(* Consider the setting in the context with $P_i=\tau_iI_n$, $Q_i=\zeta_iI_n$ ($\tau_i,\zeta_i>0$), $\rho>0$, and assume (P1) admits a KKT point. If there exist $\gamma\in(0,2)$ and $\epsilon_i\in(0,1)$, $i\in\mathcal{V}$, such that $$\tau_i>\rho\Big(\frac1{\epsilon_i}-1\Big)d_i,\qquad \zeta_i>\frac{C_i}{m}(C_i+m),\qquad \sum_{i}\epsilon_i<2-\gamma,$$ then the sequence $\bm{u}^k=(\check{\bm{W}}^k,\hat{\bm{W}}^k,\lambda^k)$ generated by the algorithm (with step parameter $\gamma$) converges to an optimal primal–dual (KKT) solution $\bm{u}^*$ of (P1).
   Context: Let $\mathcal{G}=(\mathcal{V},\mathcal{E})$ be a connected undirected graph with $\mathcal{V}=\{1,\dots,N\}$, $N\ge 2$, and let $d_i$ be the degree of $i$. Variables are $\check{\bm{w}}_i,\hat{\bm{w}}_i\in\mathbb{R}^n$; write $\check{\bm{W}}=(\check{\bm{w}}_1,\dots,\check{\bm{w}}_N)$, $\hat{\bm{W}}$ likewise, $\bm{z}_i=(\check{\bm{w}}_i,\hat{\bm{w}}_i)$, $\bm{Z}=(\check{\bm{W}},\hat{\bm{W}})$. The matrix $\bm{A}\in\mathbb{R}^{|\mathcal{E}|n\times Nn}$ has one block row per edge $\{i,j\}$ ($i<j$) with $I_n$ in block column $i$, $-I_n$ in block column $j$, zeros elsewhere; $A_i$ is its $i$-th block column, so $\bm{A}\check{\bm{W}}=\sum_iA_i\check{\bm{w}}_i$ and $A_i^TA_i=d_iI_n$. Each $f_i:\mathbb{R}^n\times\mathbb{R}^n\to\mathbb{R}$ is differentiable, jointly convex, with $\nabla f_i$ Lipschitz with constant $C_i$. Let $\mu_1\ge0$, $\mu_2>0$, $F_i(\bm{z}_i)=f_i(\check{\bm{w}}_i,\hat{\bm{w}}_i)+\frac{\mu_1}{2}\|\check{\bm{w}}_i\|^2+\frac{\mu_2}{2}\|\hat{\bm{w}}_i\|^2$, $\bm{F}(\bm{Z})=\sum_iF_i(\bm{z}_i)$, and let $m$ be a constant with $0<m\le\mu_2$. Problem (P1): minimize $\bm{F}(\bm{Z})$ s.t. $\bm{A}\check{\bm{W}}=0$; a KKT point is $(\check{\bm{W}}^*,\hat{\bm{W}}^*,\lambda^* )$ with $\bm{A}\check{\bm{W}}^*=0$, $A_i^T\lambda^*=\nabla_{\check{\bm{w}}_i}F_i(\bm{z}_i^* )$, $\nabla_{\hat{\bm{w}}_i}F_i(\bm{z}_i^* )=0$. Algorithm: with $\mathcal{L}_\rho=\bm{F}(\bm{Z})-\lambda^T\bm{A}\check{\bm{W}}+\frac\rho2\|\bm{A}\check{\bm{W}}\|^2$, from arbitrary $\check{\bm{W}}^0,\hat{\bm{W}}^0,\lambda^0$, for $k=0,1,\dots$: (i) for all $i$ in parallel $\check{\bm{w}}_i^{k+1}=\arg\min_{\check{\bm{w}}_i}\mathcal{L}_\rho(\check{\bm{w}}_i,\check{\bm{W}}^k_{-i},\hat{\bm{W}}^k,\lambda^k)+\frac12\|\check{\bm{w}}_i-\check{\bm{w}}_i^k\|^2_{P_i}$ (other blocks held at iteration $k$); (ii) $\lambda^{k+1}=\lambda^k-\gamma\rho\bm{A}\check{\bm{W}}^{k+1}$; (iii) for all $i$ in parallel $\hat{\bm{w}}_i^{k+1}=\arg\min_{\hat{\bm{w}}_i}F_i(\check{\bm{w}}_i^{k+1},\hat{\bm{w}}_i)+\frac12\|\hat{\bm{w}}_i-\hat{\bm{w}}_i^k\|^2_{Q_i}$. Here $\|x\|^2_S=x^TSx$. *)

theory Defs
  imports "HOL-Analysis.Analysis"
begin

(* Vertices are 0..<N (the paper's 1..N shifted); an edge {i,j} with i<j is the pair (i,j). *)
definition edge_set :: "nat \<Rightarrow> (nat \<times> nat) set \<Rightarrow> bool" where
  "edge_set N E \<longleftrightarrow> E \<subseteq> {(i,j). i < j \<and> j < N}"

definition connected_graph :: "nat \<Rightarrow> (nat \<times> nat) set \<Rightarrow> bool" where
  "connected_graph N E \<longleftrightarrow> (\<forall>i<N. \<forall>j<N. (i,j) \<in> (E \<union> E\<inverse>)\<^sup>*)"

definition deg :: "(nat \<times> nat) set \<Rightarrow> nat \<Rightarrow> nat" where
  "deg E i = card {e\<in>E. fst e = i \<or> snd e = i}"

definition Fi :: "(nat \<Rightarrow> 'a::euclidean_space \<times> 'a \<Rightarrow> real) \<Rightarrow> real \<Rightarrow> real \<Rightarrow> nat \<Rightarrow> 'a \<times> 'a \<Rightarrow> real" where
  "Fi f mu1 mu2 i z = f i z + mu1 / 2 * (norm (fst z))\<^sup>2 + mu2 / 2 * (norm (snd z))\<^sup>2"

(* block row of A W for edge e=(i,j): w_i - w_j *)
definition Aw :: "(nat \<Rightarrow> 'a::real_vector) \<Rightarrow> nat \<times> nat \<Rightarrow> 'a" where
  "Aw W e = W (fst e) - W (snd e)"

definition ATlam :: "(nat \<times> nat) set \<Rightarrow> (nat \<times> nat \<Rightarrow> 'a::real_vector) \<Rightarrow> nat \<Rightarrow> 'a" where
  "ATlam E lam i = (\<Sum>e\<in>{e\<in>E. fst e = i}. lam e) - (\<Sum>e\<in>{e\<in>E. snd e = i}. lam e)"

definition Lrho :: "nat \<Rightarrow> (nat \<times> nat) set \<Rightarrow> (nat \<Rightarrow> 'a::euclidean_space \<times> 'a \<Rightarrow> real) \<Rightarrow> real \<Rightarrow> real \<Rightarrow> real
    \<Rightarrow> (nat \<Rightarrow> 'a) \<Rightarrow> (nat \<Rightarrow> 'a) \<Rightarrow> (nat \<times> nat \<Rightarrow> 'a) \<Rightarrow> real" where
  "Lrho N E f mu1 mu2 rho Wc Wh lam =
     (\<Sum>i<N. Fi f mu1 mu2 i (Wc i, Wh i)) - (\<Sum>e\<in>E. lam e \<bullet> Aw Wc e)
     + rho / 2 * (\<Sum>e\<in>E. (norm (Aw Wc e))\<^sup>2)"

definition KKT :: "nat \<Rightarrow> (nat \<times> nat) set \<Rightarrow> (nat \<Rightarrow> 'a::euclidean_space \<times> 'a \<Rightarrow> real) \<Rightarrow> real \<Rightarrow> real
    \<Rightarrow> (nat \<Rightarrow> 'a) \<Rightarrow> (nat \<Rightarrow> 'a) \<Rightarrow> (nat \<times> nat \<Rightarrow> 'a) \<Rightarrow> bool" where
  "KKT N E f mu1 mu2 Wc Wh lam \<longleftrightarrow>
     (\<forall>e\<in>E. Aw Wc e = 0) \<and>
     (\<forall>i<N. GDERIV (Fi f mu1 mu2 i) (Wc i, Wh i) :> (ATlam E lam i, 0))"

end

theory Submission
  imports Defs
begin

text \<open>
  Fix a KKT point \<open>(xs, ys, ls)\<close> and let \<open>V k\<close> be the weighted squared distance of the
  iterate \<open>(Wc k, Wh k, lam k)\<close> to it.  Comparing the optimality conditions of the two proximal
  block updates with the KKT conditions gives \<open>V (k + 1) + D k \<le> V k\<close>, where \<open>D k\<close> combines
  the squared increments of \<open>Wh\<close> and \<open>Wc\<close> with the squared residual \<open>A Wc (k + 1)\<close>.  The
  local blocks are controlled by cocoercivity of the gradients (Baillon--Haddad) and \<open>m \<le> mu2\<close>,
  the Jacobi coupling of the consensus blocks by Young's inequality with weights \<open>eps i\<close>; the
  bounds on \<open>tau\<close>, \<open>zeta\<close> and \<open>\<Sum>i. eps i\<close> make every coefficient of \<open>D k\<close> positive.
  Hence \<open>D\<close> is summable, increments and residual vanish, the bounded iterates have only KKT
  points as cluster points, and Opial's argument gives convergence of the whole sequence.
\<close>

section \<open>Gradient calculus\<close>

lemma GDERIV_inner_const: "GDERIV (\<lambda>x. inner a x) x :> a"
  unfolding gderiv_def
  by (rule has_derivative_eq_rhs, (rule derivative_intros)+) (auto simp: inner_commute fun_eq_iff)

lemma GDERIV_cmult: "GDERIV f x :> d \<Longrightarrow> GDERIV (\<lambda>x. c * f x) x :> c *\<^sub>R d"
  unfolding gderiv_def by (drule has_derivative_mult_right[of _ _ _ c]) simp

lemma GDERIV_norm_diff_sq: "GDERIV (\<lambda>w. (norm (w - a))\<^sup>2) w :> 2 *\<^sub>R (w - a)"
proof -
  have "((\<lambda>w. w - a) has_derivative (\<lambda>h. h)) (at w)"
    by (auto intro!: derivative_eq_intros)
  from has_derivative_compose[OF this has_derivative_sqnorm_at] show ?thesis
    unfolding gderiv_def by (simp add: inner_commute)
qed

lemma GDERIV_unique:
  assumes "GDERIV f x :> D" and "GDERIV f x :> D'"
  shows "D = D'"
proof -
  have "(\<lambda>h. inner h D) = (\<lambda>h. inner h D')"
    using has_derivative_unique assms unfolding gderiv_def by blast
  then have "inner (D - D') D = inner (D - D') D'"
    by metis
  then have "inner (D - D') (D - D') = 0"
    by (simp add: inner_diff_right)
  then show ?thesis
    by simp
qed

lemma GDERIV_minimum_eq_0:
  fixes \<phi> :: "'b::real_inner \<Rightarrow> real"
  assumes "GDERIV \<phi> x :> D" and "\<And>w. \<phi> x \<le> \<phi> w"
  shows "D = 0"
proof -
  have "(\<lambda>h. inner h D) = (\<lambda>h. 0)"
    by (rule has_derivative_local_min[OF assms(1)[unfolded gderiv_def]]) (use assms(2) in auto)
  then have "inner D D = 0"
    by metis
  then show ?thesis
    by simp
qed

lemma GDERIV_partial_fst:
  assumes "GDERIV F (x, y) :> D"
  shows "GDERIV (\<lambda>x. F (x, y)) x :> fst D"
proof -
  have "((\<lambda>x. (x, y)) has_derivative (\<lambda>h. (h, 0))) (at x)"
    by (auto intro!: derivative_eq_intros)
  from has_derivative_compose[OF this assms[unfolded gderiv_def]] show ?thesis
    unfolding gderiv_def by (simp add: inner_prod_def)
qed

lemma GDERIV_partial_snd:
  assumes "GDERIV F (x, y) :> D"
  shows "GDERIV (\<lambda>y. F (x, y)) y :> snd D"
proof -
  have "((\<lambda>y. (x, y)) has_derivative (\<lambda>h. (0, h))) (at y)"
    by (auto intro!: derivative_eq_intros)
  from has_derivative_compose[OF this assms[unfolded gderiv_def]] show ?thesis
    unfolding gderiv_def by (simp add: inner_prod_def)
qed

section \<open>Convex functions with Lipschitz gradient\<close>

lemma convex_gderiv_above_tangent:
  fixes f :: "'b::real_inner \<Rightarrow> real"
  assumes cvx: "convex_on UNIV f" and grad: "GDERIV f x :> g"
  shows "f x + inner g (y - x) \<le> f y"
proof -
  define h where "h t = f (x + t *\<^sub>R (y - x))" for t :: real
  have "convex_on UNIV h"
  proof (rule convex_onI)
    fix a t u :: real assume a: "0 < a" "a < 1"
    have "x + ((1 - a) *\<^sub>R t + a *\<^sub>R u) *\<^sub>R (y - x)
        = (1 - a) *\<^sub>R (x + t *\<^sub>R (y - x)) + a *\<^sub>R (x + u *\<^sub>R (y - x))"
      by (simp add: algebra_simps)
    then show "h ((1 - a) *\<^sub>R t + a *\<^sub>R u) \<le> (1 - a) * h t + a * h u"
      unfolding h_def using convex_onD[OF cvx, of a] a by simp
  qed simp
  moreover have "(h has_real_derivative inner (y - x) g) (at 0)"
  proof -
    have "((\<lambda>t. x + t *\<^sub>R (y - x)) has_derivative (\<lambda>t. t *\<^sub>R (y - x))) (at 0)"
      by (auto intro!: derivative_eq_intros)
    moreover have "GDERIV f (x + 0 *\<^sub>R (y - x)) :> g"
      using grad by simp
    ultimately have "(h has_derivative (\<lambda>t. inner (t *\<^sub>R (y - x)) g)) (at 0)"
      unfolding h_def gderiv_def by (rule has_derivative_compose)
    then show ?thesis
      unfolding has_field_derivative_def
      by (rule has_derivative_eq_rhs) (auto simp: fun_eq_iff)
  qed
  ultimately have "h 1 - h 0 \<ge> inner (y - x) g * (1 - 0)"
    by (intro convex_on_imp_above_tangent) auto
  then show ?thesis unfolding h_def by (simp add: inner_commute)
qed

lemma lipschitz_gradient_upper_bound:
  fixes f :: "'b::real_inner \<Rightarrow> real"
  assumes grad: "\<And>z. GDERIV f z :> g z" and lip: "C-lipschitz_on UNIV g"
  shows "f y \<le> f x + inner (g x) (y - x) + C / 2 * (norm (y - x))\<^sup>2"
proof -
  define v where "v = y - x"
  define p where "p t = f (x + t *\<^sub>R v) - t * inner (g x) v - C / 2 * t\<^sup>2 * (norm v)\<^sup>2" for t
  have p_deriv: "(p has_real_derivative
      inner (g (x + t *\<^sub>R v)) v - inner (g x) v - C * t * (norm v)\<^sup>2) (at t)" for t
  proof -
    have "((\<lambda>t. x + t *\<^sub>R v) has_derivative (\<lambda>s. s *\<^sub>R v)) (at t)"
      by (auto intro!: derivative_eq_intros)
    from has_derivative_compose[OF this grad[unfolded gderiv_def]]
    have "((\<lambda>t. f (x + t *\<^sub>R v)) has_real_derivative inner (g (x + t *\<^sub>R v)) v) (at t)"
      unfolding has_field_derivative_def
      by (rule has_derivative_eq_rhs) (auto simp: fun_eq_iff inner_commute)
    moreover have "((\<lambda>t. t * inner (g x) v) has_real_derivative inner (g x) v) (at t)"
      by (auto intro!: derivative_eq_intros)
    moreover have "((\<lambda>t. C / 2 * t\<^sup>2 * (norm v)\<^sup>2) has_real_derivative C * t * (norm v)\<^sup>2) (at t)"
      by (auto intro!: derivative_eq_intros)
    ultimately show ?thesis
      unfolding p_def by (intro DERIV_diff)
  qed
  have "p 1 \<le> p 0"
  proof (rule DERIV_nonpos_imp_decreasing_open[of 0 1 p])
    fix t :: real assume t: "0 < t" "t < 1"
    have "inner (g (x + t *\<^sub>R v)) v - inner (g x) v \<le> norm (g (x + t *\<^sub>R v) - g x) * norm v"
      by (metis inner_diff_left norm_cauchy_schwarz)
    also have "\<dots> \<le> C * norm (t *\<^sub>R v) * norm v"
      using lipschitz_on_normD[OF lip, of "x + t *\<^sub>R v" x] by (simp add: mult_right_mono)
    also have "\<dots> = C * t * (norm v)\<^sup>2"
      using t by (simp add: power2_eq_square)
    finally have "inner (g (x + t *\<^sub>R v)) v - inner (g x) v - C * t * (norm v)\<^sup>2 \<le> 0"
      by simp
    with p_deriv show "\<exists>y. (p has_real_derivative y) (at t) \<and> y \<le> 0"
      by blast
  next
    show "continuous_on {0..1} p"
      using p_deriv by (meson DERIV_isCont continuous_at_imp_continuous_on)
  qed simp
  then show ?thesis unfolding p_def v_def by simp
qed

The problem:
The required output is the stretch of entries above from the line containing "the squared increments" through the line containing "bounds on \<open>tau\<close>, \<open>zeta\<close>", reproduced exactly.

Problem solution:
  the squared increments of \<open>Wh\<close> and \<open>Wc\<close> with the squared residual \<open>A Wc (k + 1)\<close>.  The
  local blocks are controlled by cocoercivity of the gradients (Baillon--Haddad) and \<open>m \<le> mu2\<close>,
  the Jacobi coupling of the consensus blocks by Young's inequality with weights \<open>eps i\<close>; the
  bounds on \<open>tau\<close>, \<open>zeta\<close> and \<open>\<Sum>i. eps i\<close> make every coefficient of \<open>D k\<close> positive.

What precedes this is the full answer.